Lipophilic active molecules, such as fat soluble vitamins, flavourings and fatty acids pose challenges for their application in food matrices due their water-insolubility, rapid oxidation and degradation during physiological transit. Based on the perceived knowledge gap from the literature review, a novel encapsulation strategy, targeting the delivery of lipophilic molecules, was developed in this thesis: emulsion microgel particles. These engineered smart particles are soft gel like particles encapsulating several oil droplets. These particles can alter their network structure, swelling behaviour, permeability or mechanical strength in response to internal physiological stimuli (e.g., change in pH, ionic strength, temperature, mechanical shear, enzymatic action, etc.).

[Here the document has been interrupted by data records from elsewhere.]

(* Let $\mathbf X$ be a stationary $\beta$-mixing process on $[0,1]^{\mathbb N}$ with distribution $\mu$ and $\beta$-mixing coefficients $\boldsymbol\beta$ such that $\|\boldsymbol\beta\|<\infty$. Then for each $m\in\mathbb N$, \[\lim_{t\to\infty}\widehat\beta_t(\mathbf X,m)=\beta(m)\quad\mu\text{-a.s.},\qquad\text{and}\qquad\lim_{t\to\infty}\widetilde\theta_t(\mathbf X)=\|\boldsymbol\beta\|\quad\mu\text{-a.s.}\]
   Context: $X_t$ is the $t$-th coordinate. $\beta(\mathfrak U,\mathfrak V):=\sup_{W\in\mathfrak U\otimes\mathfrak V}|\mu_\otimes(W)-(\mu_{\mathfrak U}\times\mu_{\mathfrak V})(W)|$ ($\mu_\otimes$ pushforward of $\mu$ under $\omega\mapsto(\omega,\omega)$, $\mu_{\mathfrak U},\mu_{\mathfrak V}$ restrictions); $\beta(m):=\sup_j\beta(\sigma(X_1,\dots,X_j),\sigma(X_t:t\ge j+m))$; $\|\boldsymbol\beta\|:=\sum_m\beta(m)$; $\beta$-mixing means $\beta(m)\to0$. Dyadic cubes: $I_{\ell,i}=[i2^{-\ell},(i+1)2^{-\ell})$, $i=0,\dots,2^\ell-1$ (last interval closed); $\Delta_{k,\ell}$ the set of cubes $I_{\ell,i_1}\times\cdots\times I_{\ell,i_k}$. Empirical estimator: for $n>m$, $j\in\{1,\dots,n-m\}$, $j':=n-m-j+1$, $\mu_t(\mathbf X,B):=\frac1t\sum_{i=0}^{t-1}\mathbf 1\{(X_{ik+1},\dots,X_{(i+1)k})\in B\}$ for $B\subseteq[0,1]^k$, $\gamma_{t,n}^{m,j}(\mathbf X,A,B):=\frac1t\sum_{i=0}^{t-1}\mathbf 1\{(X_{in+1},\dots,X_{in+j})\in A\}\mathbf 1\{(X_{in+j+m},\dots,X_{(i+1)n})\in B\}$, $\widehat\beta_{t,n}^{\ell}(\mathbf X,m):=\max_{j}\frac12\sum_{A\in\Delta_{j,\ell}}\sum_{B\in\Delta_{j',\ell}}|\gamma_{t,n}^{m,j}(\mathbf X,A,B)-\mu_t(\mathbf X,A)\mu_t(\mathbf X,B)|$. Parameters: $(\ell_t),(n_t)$ non-decreasing unbounded positive integer sequences; $(M_t)$ increasing positive integers with $n_t>M_t$ (and $n_t>m$); $(\delta_t)$ positive with $\sum_t\delta_t<\infty$; $(\epsilon_t)$ positive with $\epsilon_t\to0$. With $\widetilde C_{m,\ell,n}:=m\cdot2^{2^{2n\ell+1}+2^{m\ell+1}+2}$, let $\widetilde\tau_t:=\lceil\widetilde C_{m,\ell_t,n_t}/(m\epsilon_t^2\delta_t)\rceil$, $\widetilde\kappa_t:=\lceil\widetilde C_{M_t,\ell_t,n_t}/(\epsilon_t^2\delta_t)\rceil$, $\widehat\beta_t(\mathbf X,m):=\widehat\beta_{\widetilde\tau_t,n_t}^{\ell_t}(\mathbf X,m)$ and $\widetilde\theta_t(\mathbf X):=\sum_{m=1}^{M_t}\widehat\beta_{\widetilde\kappa_t,n_t}^{\ell_t}(\mathbf X,m)$. *)

theory Defs
  imports "HOL-Probability.Probability"
begin
(* For every finite graph $G$ and every pair of positive integers $g,k$, there exist a finite graph $G'$ with girth at least $g$ and a surjective homomorphism $h:V(G')\to V(G)$ such that for every proper $k$-colouring $c'$ of $G'$ there is a proper $k$-colouring $c$ of $G$ with $c(v)\in c'(h^{-1}(v))$ for all $v\in V(G)$. In particular $\chi(G')=\chi(G)$.
   Context: A homomorphism from $G'$ to $G$ is a map $h:V(G')\to V(G)$ such that $uv\in E(G')$ implies $h(u)h(v)\in E(G)$. A proper $k$-colouring is a map to $\{1,\dots,k\}$ giving adjacent vertices different colours. For a set $A$ of vertices, $c'(A)$ denotes the set of colours used on $A$. The girth of a graph is the length of its shortest cycle (infinite if acyclic). *)

theory Defs
  imports Main
begin

definition fin_graph :: "'a set \<Rightarrow> ('a \<times> 'a) set \<Rightarrow> bool" where
  "fin_graph V E \<longleftrightarrow> finite V \<and> E \<subseteq> V \<times> V \<and> sym E \<and> irrefl E"

definition is_cycle :: "'a set \<Rightarrow> ('a \<times> 'a) set \<Rightarrow> 'a list \<Rightarrow> bool" where
  "is_cycle V E vs \<longleftrightarrow> length vs \<ge> 3 \<and> distinct vs \<and> set vs \<subseteq> V
     \<and> (\<forall>i < length vs - 1. (vs ! i, vs ! Suc i) \<in> E)
     \<and> (last vs, hd vs) \<in> E"

text \<open>Girth at least g: every cycle has length at least g (vacuous if acyclic,
  matching girth = infinity).\<close>
definition girth_at_least :: "'a set \<Rightarrow> ('a \<times> 'a) set \<Rightarrow> nat \<Rightarrow> bool" where
  "girth_at_least V E g \<longleftrightarrow> (\<forall>vs. is_cycle V E vs \<longrightarrow> length vs \<ge> g)"

definition graph_hom ::
  "'b set \<Rightarrow> ('b \<times> 'b) set \<Rightarrow> 'a set \<Rightarrow> ('a \<times> 'a) set \<Rightarrow> ('b \<Rightarrow> 'a) \<Rightarrow> bool" where
  "graph_hom V' E' V E h \<longleftrightarrow> h ` V' \<subseteq> V \<and> (\<forall>(u, v) \<in> E'. (h u, h v) \<in> E)"

definition proper_colouring ::
  "'a set \<Rightarrow> ('a \<times> 'a) set \<Rightarrow> nat \<Rightarrow> ('a \<Rightarrow> nat) \<Rightarrow> bool" where
  "proper_colouring V E k c \<longleftrightarrow> c ` V \<subseteq> {1..k} \<and> (\<forall>(u, v) \<in> E. c u \<noteq> c v)"

end

theory Submission
  imports Defs Complex_Main
begin

text \<open>Blow up every vertex of \<open>G\<close> into \<open>N\<close> copies and join copies of adjacent vertices
  independently with probability \<open>p = 1/K\<close>. For suitable \<open>N\<close>, \<open>K\<close> and \<open>a\<close>, the expected number
  of cycles shorter than \<open>g\<close> is at most \<open>N/4\<close>, while the probability that two \<open>a\<close>-sets in the
  fibres over some edge of \<open>G\<close> are not joined is below \<open>1/2\<close> in total; so some outcome has
  fewer than \<open>N/2\<close> short cycles and joins all such pairs. Deleting the first vertex of every
  short cycle leaves girth at least \<open>g\<close> and more than \<open>k a\<close> vertices in every fibre. In a proper
  \<open>k\<close>-colouring of the result every fibre therefore has a colour class of size \<open>a\<close>; picking such a
  colour for each vertex of \<open>G\<close> is proper, as equal classes over an edge would be joined.\<close>

text \<open>The random subset of \<open>U\<close> containing each element independently with probability \<open>p\<close>:
  probabilities and expectations are sums over \<open>Pow U\<close> weighted by this function.\<close>

definition bernoulli_weight :: "'b set \<Rightarrow> real \<Rightarrow> 'b set \<Rightarrow> real" where
  "bernoulli_weight U p S = (\<Prod>x\<in>U. if x \<in> S then p else 1 - p)"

By investigating the nature of two specific biopolymer networks (i.e., starch gel or whey protein gel) and the interactions between the filler (i.e., emulsion droplets) and the matrix (i.e., the gel), two different approaches (top-down or bottom-up) were used to design these emulsion microgel particles. The unique design of the emulsion microgel particles developed in this PhD was that both the emulsifying agent and the matrix material were composed of the same biopolymer without the need of additional hydrocolloids. The characterization techniques used in this thesis included particle sizing, microscopy at various length scales, zeta-potential, rheology, tribology, sodium dodecyl sulphate polyacrylamide gel electrophoresis, pH-stat titrimetric measurements supported by theoretical calculations.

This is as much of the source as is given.